▶ [INSTRUCTIONS FOR THE TASK]
Give again, word for word, every line below from the one that has "then obtain x" through the one that has "y)\<^sup>2 = (x\<^sup>2", both included, and no others.

▶ [INPUT RECORDS]
☆ ☆ ☆ ☆
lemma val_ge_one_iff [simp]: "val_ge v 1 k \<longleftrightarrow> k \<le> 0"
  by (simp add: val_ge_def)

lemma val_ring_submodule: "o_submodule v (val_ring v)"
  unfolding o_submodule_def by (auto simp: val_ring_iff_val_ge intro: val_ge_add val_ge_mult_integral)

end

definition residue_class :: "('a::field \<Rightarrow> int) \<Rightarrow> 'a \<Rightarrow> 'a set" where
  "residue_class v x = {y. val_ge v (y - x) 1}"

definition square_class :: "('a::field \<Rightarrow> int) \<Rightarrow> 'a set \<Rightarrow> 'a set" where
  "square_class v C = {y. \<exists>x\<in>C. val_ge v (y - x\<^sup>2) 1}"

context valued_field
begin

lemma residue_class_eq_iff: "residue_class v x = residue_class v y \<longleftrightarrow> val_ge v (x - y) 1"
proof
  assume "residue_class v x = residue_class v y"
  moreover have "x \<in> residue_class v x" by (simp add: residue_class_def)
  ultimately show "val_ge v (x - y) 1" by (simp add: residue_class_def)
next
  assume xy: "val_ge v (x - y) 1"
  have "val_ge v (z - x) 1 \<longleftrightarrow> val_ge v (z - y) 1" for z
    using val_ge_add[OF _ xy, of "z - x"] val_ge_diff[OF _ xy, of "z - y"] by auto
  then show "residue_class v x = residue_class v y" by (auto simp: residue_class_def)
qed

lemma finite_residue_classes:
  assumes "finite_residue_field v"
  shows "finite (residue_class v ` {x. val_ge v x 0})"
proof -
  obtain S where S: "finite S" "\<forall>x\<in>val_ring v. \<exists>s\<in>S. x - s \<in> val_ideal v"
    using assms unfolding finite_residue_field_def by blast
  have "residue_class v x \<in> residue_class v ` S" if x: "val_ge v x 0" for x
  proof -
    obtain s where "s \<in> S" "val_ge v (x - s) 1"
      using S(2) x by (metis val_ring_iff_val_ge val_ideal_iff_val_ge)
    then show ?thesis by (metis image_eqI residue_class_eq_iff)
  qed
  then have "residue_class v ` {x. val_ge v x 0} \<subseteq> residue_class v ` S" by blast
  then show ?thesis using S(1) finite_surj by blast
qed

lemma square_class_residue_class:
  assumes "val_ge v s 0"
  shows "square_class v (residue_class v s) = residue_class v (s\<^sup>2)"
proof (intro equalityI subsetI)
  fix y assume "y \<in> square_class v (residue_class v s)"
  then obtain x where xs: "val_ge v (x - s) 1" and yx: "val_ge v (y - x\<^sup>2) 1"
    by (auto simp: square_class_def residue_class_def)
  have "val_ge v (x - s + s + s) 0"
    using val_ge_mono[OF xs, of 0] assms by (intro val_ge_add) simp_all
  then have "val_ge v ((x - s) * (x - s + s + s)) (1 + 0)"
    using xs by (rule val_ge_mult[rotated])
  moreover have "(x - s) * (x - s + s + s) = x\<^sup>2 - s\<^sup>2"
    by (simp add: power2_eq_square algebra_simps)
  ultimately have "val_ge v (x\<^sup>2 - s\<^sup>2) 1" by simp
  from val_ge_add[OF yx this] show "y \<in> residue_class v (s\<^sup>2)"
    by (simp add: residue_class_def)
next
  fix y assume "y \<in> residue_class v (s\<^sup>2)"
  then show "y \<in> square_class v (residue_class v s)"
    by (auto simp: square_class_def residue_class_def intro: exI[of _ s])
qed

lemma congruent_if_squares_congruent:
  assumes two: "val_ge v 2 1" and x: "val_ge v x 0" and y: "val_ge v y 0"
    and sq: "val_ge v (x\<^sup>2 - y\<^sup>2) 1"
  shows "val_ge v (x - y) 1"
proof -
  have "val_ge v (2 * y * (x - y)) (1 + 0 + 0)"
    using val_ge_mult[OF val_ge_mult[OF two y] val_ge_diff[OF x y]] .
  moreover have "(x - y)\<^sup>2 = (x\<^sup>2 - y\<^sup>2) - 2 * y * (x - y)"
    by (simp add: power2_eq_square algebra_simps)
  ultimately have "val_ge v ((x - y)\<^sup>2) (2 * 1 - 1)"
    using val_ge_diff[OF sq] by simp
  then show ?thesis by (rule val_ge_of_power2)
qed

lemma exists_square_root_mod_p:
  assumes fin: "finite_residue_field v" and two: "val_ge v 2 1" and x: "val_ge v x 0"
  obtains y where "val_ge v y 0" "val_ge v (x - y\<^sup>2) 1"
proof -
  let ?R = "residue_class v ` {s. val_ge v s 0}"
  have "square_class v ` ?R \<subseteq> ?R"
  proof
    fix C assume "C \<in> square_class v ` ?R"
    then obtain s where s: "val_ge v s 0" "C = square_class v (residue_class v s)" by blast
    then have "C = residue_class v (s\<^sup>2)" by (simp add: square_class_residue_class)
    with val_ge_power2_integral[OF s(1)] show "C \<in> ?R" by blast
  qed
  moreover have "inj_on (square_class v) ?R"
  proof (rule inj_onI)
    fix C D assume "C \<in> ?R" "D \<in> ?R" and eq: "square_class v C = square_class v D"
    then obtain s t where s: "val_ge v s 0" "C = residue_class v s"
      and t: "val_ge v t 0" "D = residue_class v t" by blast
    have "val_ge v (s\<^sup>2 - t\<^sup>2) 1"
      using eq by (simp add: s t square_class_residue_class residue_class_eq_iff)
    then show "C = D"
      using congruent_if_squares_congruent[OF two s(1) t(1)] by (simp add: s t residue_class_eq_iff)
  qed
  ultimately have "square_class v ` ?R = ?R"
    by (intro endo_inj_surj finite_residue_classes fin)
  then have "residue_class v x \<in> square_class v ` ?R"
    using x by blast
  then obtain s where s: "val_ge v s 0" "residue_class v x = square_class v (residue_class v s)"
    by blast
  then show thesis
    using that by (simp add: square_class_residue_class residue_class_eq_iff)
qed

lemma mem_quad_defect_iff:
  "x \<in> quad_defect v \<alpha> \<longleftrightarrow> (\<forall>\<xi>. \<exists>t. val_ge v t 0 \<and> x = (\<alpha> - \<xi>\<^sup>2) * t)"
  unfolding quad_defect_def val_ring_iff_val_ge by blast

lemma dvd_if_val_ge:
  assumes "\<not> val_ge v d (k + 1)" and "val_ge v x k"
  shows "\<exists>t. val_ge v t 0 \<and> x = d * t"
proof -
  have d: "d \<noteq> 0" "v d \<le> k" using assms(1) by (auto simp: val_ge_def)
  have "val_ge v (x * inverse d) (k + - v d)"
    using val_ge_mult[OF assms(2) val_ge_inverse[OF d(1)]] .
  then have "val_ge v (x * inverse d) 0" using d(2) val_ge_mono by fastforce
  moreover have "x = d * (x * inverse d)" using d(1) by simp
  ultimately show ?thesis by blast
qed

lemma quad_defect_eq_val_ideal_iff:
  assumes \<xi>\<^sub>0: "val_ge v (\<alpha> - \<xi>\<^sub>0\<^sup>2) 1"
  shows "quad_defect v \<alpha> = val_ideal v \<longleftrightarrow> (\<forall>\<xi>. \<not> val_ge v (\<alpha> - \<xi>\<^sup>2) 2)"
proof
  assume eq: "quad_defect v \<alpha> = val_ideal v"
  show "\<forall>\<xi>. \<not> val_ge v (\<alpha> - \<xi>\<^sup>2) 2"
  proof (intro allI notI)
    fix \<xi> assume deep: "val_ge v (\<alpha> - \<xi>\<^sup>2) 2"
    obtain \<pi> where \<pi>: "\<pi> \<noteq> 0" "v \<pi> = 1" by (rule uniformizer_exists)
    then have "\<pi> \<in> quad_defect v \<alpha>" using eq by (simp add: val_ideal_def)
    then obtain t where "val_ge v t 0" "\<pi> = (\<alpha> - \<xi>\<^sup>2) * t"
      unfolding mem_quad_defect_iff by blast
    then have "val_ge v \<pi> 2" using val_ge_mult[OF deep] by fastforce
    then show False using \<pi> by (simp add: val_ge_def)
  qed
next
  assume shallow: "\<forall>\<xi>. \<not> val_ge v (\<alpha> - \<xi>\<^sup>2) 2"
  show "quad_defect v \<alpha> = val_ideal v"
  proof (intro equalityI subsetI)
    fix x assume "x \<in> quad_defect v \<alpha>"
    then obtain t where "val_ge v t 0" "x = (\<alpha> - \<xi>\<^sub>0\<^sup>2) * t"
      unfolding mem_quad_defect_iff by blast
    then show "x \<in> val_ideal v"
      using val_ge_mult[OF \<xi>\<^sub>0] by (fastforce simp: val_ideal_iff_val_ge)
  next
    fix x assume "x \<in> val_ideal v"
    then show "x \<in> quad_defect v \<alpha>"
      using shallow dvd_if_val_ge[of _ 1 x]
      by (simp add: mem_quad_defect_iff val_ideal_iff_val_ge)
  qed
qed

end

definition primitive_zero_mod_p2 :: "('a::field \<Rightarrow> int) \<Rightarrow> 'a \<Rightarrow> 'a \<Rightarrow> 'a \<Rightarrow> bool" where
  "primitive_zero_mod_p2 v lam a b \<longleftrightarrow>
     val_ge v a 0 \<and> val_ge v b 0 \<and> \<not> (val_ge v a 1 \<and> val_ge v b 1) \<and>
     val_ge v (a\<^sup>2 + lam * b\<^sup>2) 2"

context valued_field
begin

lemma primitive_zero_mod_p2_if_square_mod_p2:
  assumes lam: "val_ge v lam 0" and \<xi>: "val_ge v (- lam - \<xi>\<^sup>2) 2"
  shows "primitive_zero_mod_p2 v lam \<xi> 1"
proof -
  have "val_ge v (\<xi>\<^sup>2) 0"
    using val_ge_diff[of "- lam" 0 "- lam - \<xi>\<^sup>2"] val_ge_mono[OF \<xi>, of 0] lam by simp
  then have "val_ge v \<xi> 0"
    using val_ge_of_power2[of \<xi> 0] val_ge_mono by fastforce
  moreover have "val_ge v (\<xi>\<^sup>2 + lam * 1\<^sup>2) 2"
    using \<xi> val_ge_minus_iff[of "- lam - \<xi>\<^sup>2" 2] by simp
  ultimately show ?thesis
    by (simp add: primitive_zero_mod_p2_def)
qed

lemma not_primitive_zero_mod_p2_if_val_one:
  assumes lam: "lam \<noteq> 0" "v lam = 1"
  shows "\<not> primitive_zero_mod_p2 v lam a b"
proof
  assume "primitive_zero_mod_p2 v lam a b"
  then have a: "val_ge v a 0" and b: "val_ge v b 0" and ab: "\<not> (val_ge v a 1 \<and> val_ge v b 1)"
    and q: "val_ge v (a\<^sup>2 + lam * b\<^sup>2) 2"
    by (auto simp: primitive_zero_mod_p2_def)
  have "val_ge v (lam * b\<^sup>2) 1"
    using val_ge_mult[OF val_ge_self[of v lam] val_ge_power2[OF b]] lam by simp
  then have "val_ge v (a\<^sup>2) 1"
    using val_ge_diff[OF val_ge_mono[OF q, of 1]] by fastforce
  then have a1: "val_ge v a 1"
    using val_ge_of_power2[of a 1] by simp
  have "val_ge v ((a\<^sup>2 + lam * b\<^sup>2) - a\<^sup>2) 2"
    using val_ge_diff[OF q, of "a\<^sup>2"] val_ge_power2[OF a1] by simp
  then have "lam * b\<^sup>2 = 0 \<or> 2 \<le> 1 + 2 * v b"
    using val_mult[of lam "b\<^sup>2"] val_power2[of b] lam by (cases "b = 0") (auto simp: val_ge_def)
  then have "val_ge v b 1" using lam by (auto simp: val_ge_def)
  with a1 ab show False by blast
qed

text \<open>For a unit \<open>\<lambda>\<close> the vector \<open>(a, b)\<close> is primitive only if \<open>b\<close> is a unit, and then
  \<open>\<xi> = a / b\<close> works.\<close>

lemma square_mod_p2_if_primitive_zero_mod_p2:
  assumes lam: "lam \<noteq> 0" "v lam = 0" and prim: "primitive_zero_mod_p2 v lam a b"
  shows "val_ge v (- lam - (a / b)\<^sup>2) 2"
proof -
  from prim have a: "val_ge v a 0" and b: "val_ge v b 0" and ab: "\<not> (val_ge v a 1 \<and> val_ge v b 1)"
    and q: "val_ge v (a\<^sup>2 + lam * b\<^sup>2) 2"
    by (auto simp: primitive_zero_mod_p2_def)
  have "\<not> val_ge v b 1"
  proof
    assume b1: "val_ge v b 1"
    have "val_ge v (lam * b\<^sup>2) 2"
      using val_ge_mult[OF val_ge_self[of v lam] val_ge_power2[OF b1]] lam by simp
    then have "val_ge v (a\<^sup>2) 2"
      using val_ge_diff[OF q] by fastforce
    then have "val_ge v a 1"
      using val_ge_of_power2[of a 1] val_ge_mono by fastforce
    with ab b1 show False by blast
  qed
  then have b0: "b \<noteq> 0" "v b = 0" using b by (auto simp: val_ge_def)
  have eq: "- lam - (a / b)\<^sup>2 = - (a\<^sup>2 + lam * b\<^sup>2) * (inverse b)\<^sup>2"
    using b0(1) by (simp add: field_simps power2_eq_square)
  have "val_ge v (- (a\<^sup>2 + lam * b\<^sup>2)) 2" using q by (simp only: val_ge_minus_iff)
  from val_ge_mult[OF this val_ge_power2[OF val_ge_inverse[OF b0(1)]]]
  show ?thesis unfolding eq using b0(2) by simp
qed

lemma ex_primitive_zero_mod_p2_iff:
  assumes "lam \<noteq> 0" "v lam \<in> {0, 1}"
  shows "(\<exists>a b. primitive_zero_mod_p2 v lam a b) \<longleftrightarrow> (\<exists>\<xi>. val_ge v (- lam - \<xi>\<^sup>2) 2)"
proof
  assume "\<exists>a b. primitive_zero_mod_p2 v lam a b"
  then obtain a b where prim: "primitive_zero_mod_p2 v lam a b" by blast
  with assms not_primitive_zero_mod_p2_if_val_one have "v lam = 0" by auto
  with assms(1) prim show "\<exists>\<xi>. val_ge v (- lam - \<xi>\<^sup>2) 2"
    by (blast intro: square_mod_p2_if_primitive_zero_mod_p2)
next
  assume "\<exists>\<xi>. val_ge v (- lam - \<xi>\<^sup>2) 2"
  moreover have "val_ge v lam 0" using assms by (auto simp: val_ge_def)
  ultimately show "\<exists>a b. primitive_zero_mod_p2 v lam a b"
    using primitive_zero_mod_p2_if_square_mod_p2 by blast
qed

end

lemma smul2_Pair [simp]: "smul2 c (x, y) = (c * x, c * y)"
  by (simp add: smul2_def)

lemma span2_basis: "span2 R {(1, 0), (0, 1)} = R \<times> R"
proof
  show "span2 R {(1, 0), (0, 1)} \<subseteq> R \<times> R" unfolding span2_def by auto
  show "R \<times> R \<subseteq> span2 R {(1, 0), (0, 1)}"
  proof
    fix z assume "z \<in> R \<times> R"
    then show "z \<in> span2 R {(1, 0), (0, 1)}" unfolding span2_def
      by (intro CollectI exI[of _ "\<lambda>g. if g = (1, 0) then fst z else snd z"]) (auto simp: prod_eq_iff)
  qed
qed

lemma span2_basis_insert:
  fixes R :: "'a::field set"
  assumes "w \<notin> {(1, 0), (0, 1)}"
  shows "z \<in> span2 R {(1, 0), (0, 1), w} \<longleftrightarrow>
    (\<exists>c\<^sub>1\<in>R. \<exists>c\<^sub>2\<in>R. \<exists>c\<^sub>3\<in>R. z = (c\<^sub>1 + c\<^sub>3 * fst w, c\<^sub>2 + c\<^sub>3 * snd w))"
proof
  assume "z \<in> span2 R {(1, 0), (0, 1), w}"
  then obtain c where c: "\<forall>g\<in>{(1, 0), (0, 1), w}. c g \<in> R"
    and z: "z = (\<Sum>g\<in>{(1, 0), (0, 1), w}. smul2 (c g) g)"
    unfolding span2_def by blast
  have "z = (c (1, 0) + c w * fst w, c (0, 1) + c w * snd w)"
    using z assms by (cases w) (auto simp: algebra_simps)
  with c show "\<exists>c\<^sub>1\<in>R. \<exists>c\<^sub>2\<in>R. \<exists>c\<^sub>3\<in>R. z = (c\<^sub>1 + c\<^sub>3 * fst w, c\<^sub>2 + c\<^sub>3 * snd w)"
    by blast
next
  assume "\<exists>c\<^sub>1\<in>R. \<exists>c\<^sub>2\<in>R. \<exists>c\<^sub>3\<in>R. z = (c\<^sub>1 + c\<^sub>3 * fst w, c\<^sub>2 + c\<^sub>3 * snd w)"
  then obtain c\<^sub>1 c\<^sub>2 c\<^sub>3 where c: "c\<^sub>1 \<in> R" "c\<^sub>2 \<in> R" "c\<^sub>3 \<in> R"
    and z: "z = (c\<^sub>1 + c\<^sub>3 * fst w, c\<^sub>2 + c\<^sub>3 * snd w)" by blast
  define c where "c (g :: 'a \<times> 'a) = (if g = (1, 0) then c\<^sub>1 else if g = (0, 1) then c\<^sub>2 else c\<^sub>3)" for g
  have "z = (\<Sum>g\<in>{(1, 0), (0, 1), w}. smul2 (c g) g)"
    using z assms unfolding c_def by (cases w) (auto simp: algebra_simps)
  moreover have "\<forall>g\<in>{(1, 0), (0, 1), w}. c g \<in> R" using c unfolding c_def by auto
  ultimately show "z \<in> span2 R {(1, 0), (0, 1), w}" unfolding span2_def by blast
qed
☆ ☆ ☆ ☆
▶ [RESPONSE]
  then obtain x where xs: "val_ge v (x - s) 1" and yx: "val_ge v (y - x\<^sup>2) 1"
    by (auto simp: square_class_def residue_class_def)
  have "val_ge v (x - s + s + s) 0"
    using val_ge_mono[OF xs, of 0] assms by (intro val_ge_add) simp_all
  then have "val_ge v ((x - s) * (x - s + s + s)) (1 + 0)"
    using xs by (rule val_ge_mult[rotated])
  moreover have "(x - s) * (x - s + s + s) = x\<^sup>2 - s\<^sup>2"
    by (simp add: power2_eq_square algebra_simps)
  ultimately have "val_ge v (x\<^sup>2 - s\<^sup>2) 1" by simp
  from val_ge_add[OF yx this] show "y \<in> residue_class v (s\<^sup>2)"
    by (simp add: residue_class_def)
next
  fix y assume "y \<in> residue_class v (s\<^sup>2)"
  then show "y \<in> square_class v (residue_class v s)"
    by (auto simp: square_class_def residue_class_def intro: exI[of _ s])
qed

lemma congruent_if_squares_congruent:
  assumes two: "val_ge v 2 1" and x: "val_ge v x 0" and y: "val_ge v y 0"
    and sq: "val_ge v (x\<^sup>2 - y\<^sup>2) 1"
  shows "val_ge v (x - y) 1"
proof -
  have "val_ge v (2 * y * (x - y)) (1 + 0 + 0)"
    using val_ge_mult[OF val_ge_mult[OF two y] val_ge_diff[OF x y]] .
  moreover have "(x - y)\<^sup>2 = (x\<^sup>2 - y\<^sup>2) - 2 * y * (x - y)"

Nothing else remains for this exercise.